[TASK INSTRUCTIONS] Once you reach the line that holds "r a \<longleftrightarrow>" in the listing below, output it and every line after it through the line that holds "a \<longleftrightarrow> lt_wo", word for word.

··········

(* Let $(V,L,\varphi,E)$ and $(V,C,\psi,E)$ be valuation systems. Assume that $\psi$ extends $\varphi$ and that $\psi$ is extendible. Then $\varphi$ is extendible and $\overline\psi$ extends $\overline\varphi$.
   Context: A valuation system $(V,L,\varphi,E)$ consists of: (i) a lattice $V$ which is $\sigma$-distributive (for every $a\in V$ and sequence $(b_n)$ with existing infimum, $\bigwedge_n(a\vee b_n)$ exists and equals $a\vee\bigwedge_n b_n$, and dually for suprema); (ii) a sublattice $L$ of $V$; (iii) a partially ordered abelian group $E$ which is R-complete (whenever $x_1\ge x_2\ge\cdots$ and $y_1\ge y_2\ge\cdots$ in $E$ are such that $\bigwedge_n(x_n+y_n)$ exists, $\bigwedge_n x_n$ and $\bigwedge_n y_n$ exist; dually for increasing sequences); (iv) a valuation $\varphi:L\to E$ (order-preserving, $\varphi(a\wedge b)+\varphi(a\vee b)=\varphi(a)+\varphi(b)$). A map $\psi:C\to E$ extends $\varphi:L\to E$ if $L\subseteq C$ and $\psi|_L=\varphi$. A decreasing (resp. increasing) sequence $(a_n)$ in $L$ is $\varphi$-convergent if $\bigwedge_n a_n$ exists in $V$ and $\bigwedge_n\varphi(a_n)$ exists in $E$ (resp. with suprema). $\Pi L:=\{\bigwedge_n a_n:(a_n)\ \varphi\text{-convergent decreasing}\}$ and $\varphi$ is $\Pi$-extendible if there is a valuation $\Pi\varphi:\Pi L\to E$ with $\Pi\varphi(\bigwedge_n a_n)=\bigwedge_n\varphi(a_n)$ for all such sequences; $\Sigma L,\Sigma$-extendible, $\Sigma\varphi$ dually. Hierarchy (transfinite recursion): $\Pi_0\varphi=\Sigma_0\varphi=\varphi$; $\varphi$ is $\Pi_{\alpha+1}$-extendible iff it is $\Sigma_\alpha$-extendible and $\Sigma_\alpha\varphi$ is $\Pi$-extendible, with $\Pi_{\alpha+1}\varphi=\Pi(\Sigma_\alpha\varphi)$; $\varphi$ is $\Sigma_{\alpha+1}$-extendible iff it is $\Pi_\alpha$-extendible and $\Pi_\alpha\varphi$ is $\Sigma$-extendible, with $\Sigma_{\alpha+1}\varphi=\Sigma(\Pi_\alpha\varphi)$; at a limit $\lambda$, $\varphi$ is $\Pi_\lambda$-extendible iff $\Pi_\alpha$-extendible for all $\alpha<\lambda$, and then $\Pi_\lambda\varphi$ is the common extension of the $\Pi_\alpha\varphi$ on $\bigcup_{\alpha<\lambda}\Pi_\alpha L$; similarly $\Sigma_\lambda$. The hierarchy has collapsed at $Q$, where $Q=\Pi_\alpha\varphi$ or $Q=\Sigma_\alpha\varphi$, if $\varphi$ is $\Pi_{\alpha+1}$- and $\Sigma_{\alpha+1}$-extendible and $\Pi(Q)=Q=\Sigma(Q)$. $\varphi$ is extendible if the hierarchy has collapsed at some $Q$; this $Q$ is then unique and denoted $\overline\varphi$. Same for $\psi$. *)

theory Defs
  imports Main
begin

definition is_inf_of :: "'a::order set \<Rightarrow> 'a \<Rightarrow> bool" where
  "is_inf_of S x \<longleftrightarrow> (\<forall>y\<in>S. x \<le> y) \<and> (\<forall>z. (\<forall>y\<in>S. z \<le> y) \<longrightarrow> z \<le> x)"

definition is_sup_of :: "'a::order set \<Rightarrow> 'a \<Rightarrow> bool" where
  "is_sup_of S x \<longleftrightarrow> (\<forall>y\<in>S. y \<le> x) \<and> (\<forall>z. (\<forall>y\<in>S. y \<le> z) \<longrightarrow> x \<le> z)"

definition sigma_distributive :: "'v::lattice itself \<Rightarrow> bool" where
  "sigma_distributive _ \<longleftrightarrow>
     (\<forall>(a::'v) (b::nat \<Rightarrow> 'v) x. is_inf_of (range b) x \<longrightarrow>
         is_inf_of (range (\<lambda>n. sup a (b n))) (sup a x)) \<and>
     (\<forall>(a::'v) (b::nat \<Rightarrow> 'v) x. is_sup_of (range b) x \<longrightarrow>
         is_sup_of (range (\<lambda>n. inf a (b n))) (inf a x))"

definition R_complete :: "'e::ordered_ab_group_add itself \<Rightarrow> bool" where
  "R_complete _ \<longleftrightarrow>
     (\<forall>(x::nat \<Rightarrow> 'e) y. antimono x \<and> antimono y \<and>
         (\<exists>z. is_inf_of (range (\<lambda>n. x n + y n)) z) \<longrightarrow>
         (\<exists>u. is_inf_of (range x) u) \<and> (\<exists>v. is_inf_of (range y) v)) \<and>
     (\<forall>(x::nat \<Rightarrow> 'e) y. mono x \<and> mono y \<and>
         (\<exists>z. is_sup_of (range (\<lambda>n. x n + y n)) z) \<longrightarrow>
         (\<exists>u. is_sup_of (range x) u) \<and> (\<exists>v. is_sup_of (range y) v))"

definition sublattice :: "'v::lattice set \<Rightarrow> bool" where
  "sublattice L \<longleftrightarrow> (\<forall>a\<in>L. \<forall>b\<in>L. inf a b \<in> L \<and> sup a b \<in> L)"

definition valuation :: "'v::lattice set \<Rightarrow> ('v \<Rightarrow> 'e::ordered_ab_group_add) \<Rightarrow> bool" where
  "valuation L \<phi> \<longleftrightarrow> sublattice L \<and>
     (\<forall>a\<in>L. \<forall>b\<in>L. a \<le> b \<longrightarrow> \<phi> a \<le> \<phi> b) \<and>
     (\<forall>a\<in>L. \<forall>b\<in>L. \<phi> (inf a b) + \<phi> (sup a b) = \<phi> a + \<phi> b)"

text \<open>A valuation system (V,L,phi,E), with V the lattice type 'v and E the group type 'e.\<close>
definition valuation_system :: "'v::lattice set \<Rightarrow> ('v \<Rightarrow> 'e::ordered_ab_group_add) \<Rightarrow> bool" where
  "valuation_system L \<phi> \<longleftrightarrow> sigma_distributive TYPE('v) \<and> R_complete TYPE('e) \<and>
     sublattice L \<and> valuation L \<phi>"

section \<open>Partial maps: a map m : 'v \<rightharpoonup> 'e stands for the function mval m on dom m\<close>

definition mval :: "('v \<rightharpoonup> 'e) \<Rightarrow> 'v \<Rightarrow> 'e" where
  "mval m a = the (m a)"

definition to_map :: "'v set \<Rightarrow> ('v \<Rightarrow> 'e) \<Rightarrow> ('v \<rightharpoonup> 'e)" where
  "to_map L \<phi> = (\<lambda>x. if x \<in> L then Some (\<phi> x) else None)"

definition is_valuation_map :: "('v::lattice \<rightharpoonup> 'e::ordered_ab_group_add) \<Rightarrow> bool" where
  "is_valuation_map m \<longleftrightarrow> valuation (dom m) (mval m)"

definition conv_dec :: "('v::lattice \<rightharpoonup> 'e::ordered_ab_group_add) \<Rightarrow> (nat \<Rightarrow> 'v) \<Rightarrow> bool" where
  "conv_dec m a \<longleftrightarrow> (\<forall>n. a n \<in> dom m) \<and> antimono a \<and>
     (\<exists>x. is_inf_of (range a) x) \<and> (\<exists>e. is_inf_of (range (\<lambda>n. mval m (a n))) e)"

definition conv_inc :: "('v::lattice \<rightharpoonup> 'e::ordered_ab_group_add) \<Rightarrow> (nat \<Rightarrow> 'v) \<Rightarrow> bool" where
  "conv_inc m a \<longleftrightarrow> (\<forall>n. a n \<in> dom m) \<and> mono a \<and>
     (\<exists>x. is_sup_of (range a) x) \<and> (\<exists>e. is_sup_of (range (\<lambda>n. mval m (a n))) e)"

definition PiDom :: "('v::lattice \<rightharpoonup> 'e::ordered_ab_group_add) \<Rightarrow> 'v set" where
  "PiDom m = {x. \<exists>a. conv_dec m a \<and> is_inf_of (range a) x}"

definition SigDom :: "('v::lattice \<rightharpoonup> 'e::ordered_ab_group_add) \<Rightarrow> 'v set" where
  "SigDom m = {x. \<exists>a. conv_inc m a \<and> is_sup_of (range a) x}"

definition is_Pi_ext :: "('v::lattice \<rightharpoonup> 'e::ordered_ab_group_add) \<Rightarrow> ('v \<rightharpoonup> 'e) \<Rightarrow> bool" where
  "is_Pi_ext m p \<longleftrightarrow> dom p = PiDom m \<and> is_valuation_map p \<and>
     (\<forall>a x e. conv_dec m a \<longrightarrow> is_inf_of (range a) x \<longrightarrow>
        is_inf_of (range (\<lambda>n. mval m (a n))) e \<longrightarrow> p x = Some e)"

definition is_Sig_ext :: "('v::lattice \<rightharpoonup> 'e::ordered_ab_group_add) \<Rightarrow> ('v \<rightharpoonup> 'e) \<Rightarrow> bool" where
  "is_Sig_ext m p \<longleftrightarrow> dom p = SigDom m \<and> is_valuation_map p \<and>
     (\<forall>a x e. conv_inc m a \<longrightarrow> is_sup_of (range a) x \<longrightarrow>
        is_sup_of (range (\<lambda>n. mval m (a n))) e \<longrightarrow> p x = Some e)"

definition Pi_ext :: "('v::lattice \<rightharpoonup> 'e::ordered_ab_group_add) \<Rightarrow> ('v \<rightharpoonup> 'e) option" where
  "Pi_ext m = (if \<exists>p. is_Pi_ext m p then Some (THE p. is_Pi_ext m p) else None)"

definition Sig_ext :: "('v::lattice \<rightharpoonup> 'e::ordered_ab_group_add) \<Rightarrow> ('v \<rightharpoonup> 'e) option" where
  "Sig_ext m = (if \<exists>p. is_Sig_ext m p then Some (THE p. is_Sig_ext m p) else None)"

section \<open>The transfinite hierarchy, indexed by the field of a well-order r\<close>

definition lt_wo :: "'o rel \<Rightarrow> 'o \<Rightarrow> 'o \<Rightarrow> bool" where
  "lt_wo r b a \<longleftrightarrow> (b, a) \<in> r \<and> b \<noteq> a"

definition is_zero_wo :: "'o rel \<Rightarrow> 'o \<Rightarrow> bool" where
  "is_zero_wo r a \<longleftrightarrow> a \<in> Field r \<and> (\<forall>b\<in>Field r. (a, b) \<in> r)"

definition is_succ_of_wo :: "'o rel \<Rightarrow> 'o \<Rightarrow> 'o \<Rightarrow> bool" where
  "is_succ_of_wo r b a \<longleftrightarrow> lt_wo r b a \<and> \<not> (\<exists>c. lt_wo r b c \<and> lt_wo r c a)"

definition common_ext :: "('v \<rightharpoonup> 'e) set \<Rightarrow> ('v \<rightharpoonup> 'e)" where
  "common_ext M = (\<lambda>x. if \<exists>q\<in>M. x \<in> dom q then (SOME q. q \<in> M \<and> x \<in> dom q) x else None)"

text \<open>P a = Some (Pi_a phi) if phi is Pi_a-extendible, None otherwise; S likewise for Sigma_a.
  is_hierarchy m r P S says P, S follow the transfinite recursion along the well-order r.\<close>
definition is_hierarchy ::
  "('v::lattice \<rightharpoonup> 'e::ordered_ab_group_add) \<Rightarrow> 'o rel \<Rightarrow>
   ('o \<Rightarrow> ('v \<rightharpoonup> 'e) option) \<Rightarrow> ('o \<Rightarrow> ('v \<rightharpoonup> 'e) option) \<Rightarrow> bool" where
  "is_hierarchy m r P S \<longleftrightarrow>
     (\<forall>a\<in>Field r.
        (is_zero_wo r a \<longrightarrow> P a = Some m \<and> S a = Some m) \<and>
        (\<forall>b. is_succ_of_wo r b a \<longrightarrow>
            P a = Option.bind (S b) Pi_ext \<and> S a = Option.bind (P b) Sig_ext) \<and>
        (\<not> is_zero_wo r a \<and> \<not> (\<exists>b. is_succ_of_wo r b a) \<longrightarrow>
            P a = (if \<forall>b. lt_wo r b a \<longrightarrow> P b \<noteq> None
                   then Some (common_ext {the (P b) | b. lt_wo r b a}) else None) \<and>
            S a = (if \<forall>b. lt_wo r b a \<longrightarrow> S b \<noteq> None
                   then Some (common_ext {the (S b) | b. lt_wo r b a}) else None)))"

text \<open>The hierarchy of m has collapsed at Q (ordinals represented by well-orders on 'v set).\<close>
definition collapses_at :: "('v::lattice \<rightharpoonup> 'e::ordered_ab_group_add) \<Rightarrow> ('v \<rightharpoonup> 'e) \<Rightarrow> bool" where
  "collapses_at m Q \<longleftrightarrow>
     (\<exists>(r :: 'v set rel) P S a. Well_order r \<and> is_hierarchy m r P S \<and> a \<in> Field r \<and>
        P a \<noteq> None \<and> S a \<noteq> None \<and>
        Pi_ext (the (S a)) \<noteq> None \<and> Sig_ext (the (P a)) \<noteq> None \<and>
        (Q = the (P a) \<or> Q = the (S a)) \<and>
        Pi_ext Q = Some Q \<and> Sig_ext Q = Some Q)"

definition extendible :: "'v::lattice set \<Rightarrow> ('v \<Rightarrow> 'e::ordered_ab_group_add) \<Rightarrow> bool" where
  "extendible L \<phi> \<longleftrightarrow> (\<exists>Q. collapses_at (to_map L \<phi>) Q)"

definition closure_val :: "'v::lattice set \<Rightarrow> ('v \<Rightarrow> 'e::ordered_ab_group_add) \<Rightarrow> ('v \<rightharpoonup> 'e)" where
  "closure_val L \<phi> = (THE Q. collapses_at (to_map L \<phi>) Q)"

definition extends :: "'v set \<Rightarrow> ('v \<Rightarrow> 'e) \<Rightarrow> 'v set \<Rightarrow> ('v \<Rightarrow> 'e) \<Rightarrow> bool" where
  "extends C \<psi> L \<phi> \<longleftrightarrow> L \<subseteq> C \<and> (\<forall>a\<in>L. \<psi> a = \<phi> a)"

end

theory Submission
  imports Defs
begin

text \<open>
  The stages of the Pi/Sigma-hierarchy of a valuation only grow: each stage is a valuation map
  containing all earlier ones, and the operators Pi and Sigma are monotone, since the
  Pi-extension of a larger valuation restricts to the Pi-extension of a smaller one (its domain
  is a sublattice by sigma-distributivity and R-completeness). Hence every stage lies below any
  map F containing the valuation with Pi F = F = Sigma F, and a collapse point is the least such F,
  so it is unique. The closure of psi is such an F for phi. Bounded by it, the hierarchy of phi is
  defined at every stage, and along a well-order of the size of the power set of V it cannot grow
  forever: that would inject the index set into V \<times> bool. So the hierarchy of phi collapses, below
  the closure of psi.
\<close>

section \<open>Infima and suprema of sequences\<close>

lemma is_inf_of_unique: "is_inf_of S x \<Longrightarrow> is_inf_of S y \<Longrightarrow> x = y"
  unfolding is_inf_of_def by (meson order.antisym)

lemma is_sup_of_unique: "is_sup_of S x \<Longrightarrow> is_sup_of S y \<Longrightarrow> x = y"
  unfolding is_sup_of_def by (meson order.antisym)

lemma is_inf_of_least: "x \<in> S \<Longrightarrow> \<forall>y\<in>S. x \<le> y \<Longrightarrow> is_inf_of S x"
  unfolding is_inf_of_def by blast

lemma is_sup_of_greatest: "x \<in> S \<Longrightarrow> \<forall>y\<in>S. y \<le> x \<Longrightarrow> is_sup_of S x"
  unfolding is_sup_of_def by blast

lemma is_inf_of_singleton [simp]: "is_inf_of {c} c"
  unfolding is_inf_of_def by auto

lemma is_sup_of_singleton [simp]: "is_sup_of {c} c"
  unfolding is_sup_of_def by auto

··········

[REPLY]
  "is_zero_wo r a \<longleftrightarrow> a \<in> Field r \<and> (\<forall>b\<in>Field r. (a, b) \<in> r)"

definition is_succ_of_wo :: "'o rel \<Rightarrow> 'o \<Rightarrow> 'o \<Rightarrow> bool" where
  "is_succ_of_wo r b a \<longleftrightarrow> lt_wo r b a \<and> \<not> (\<exists>c. lt_wo r b c \<and> lt_wo r c a)"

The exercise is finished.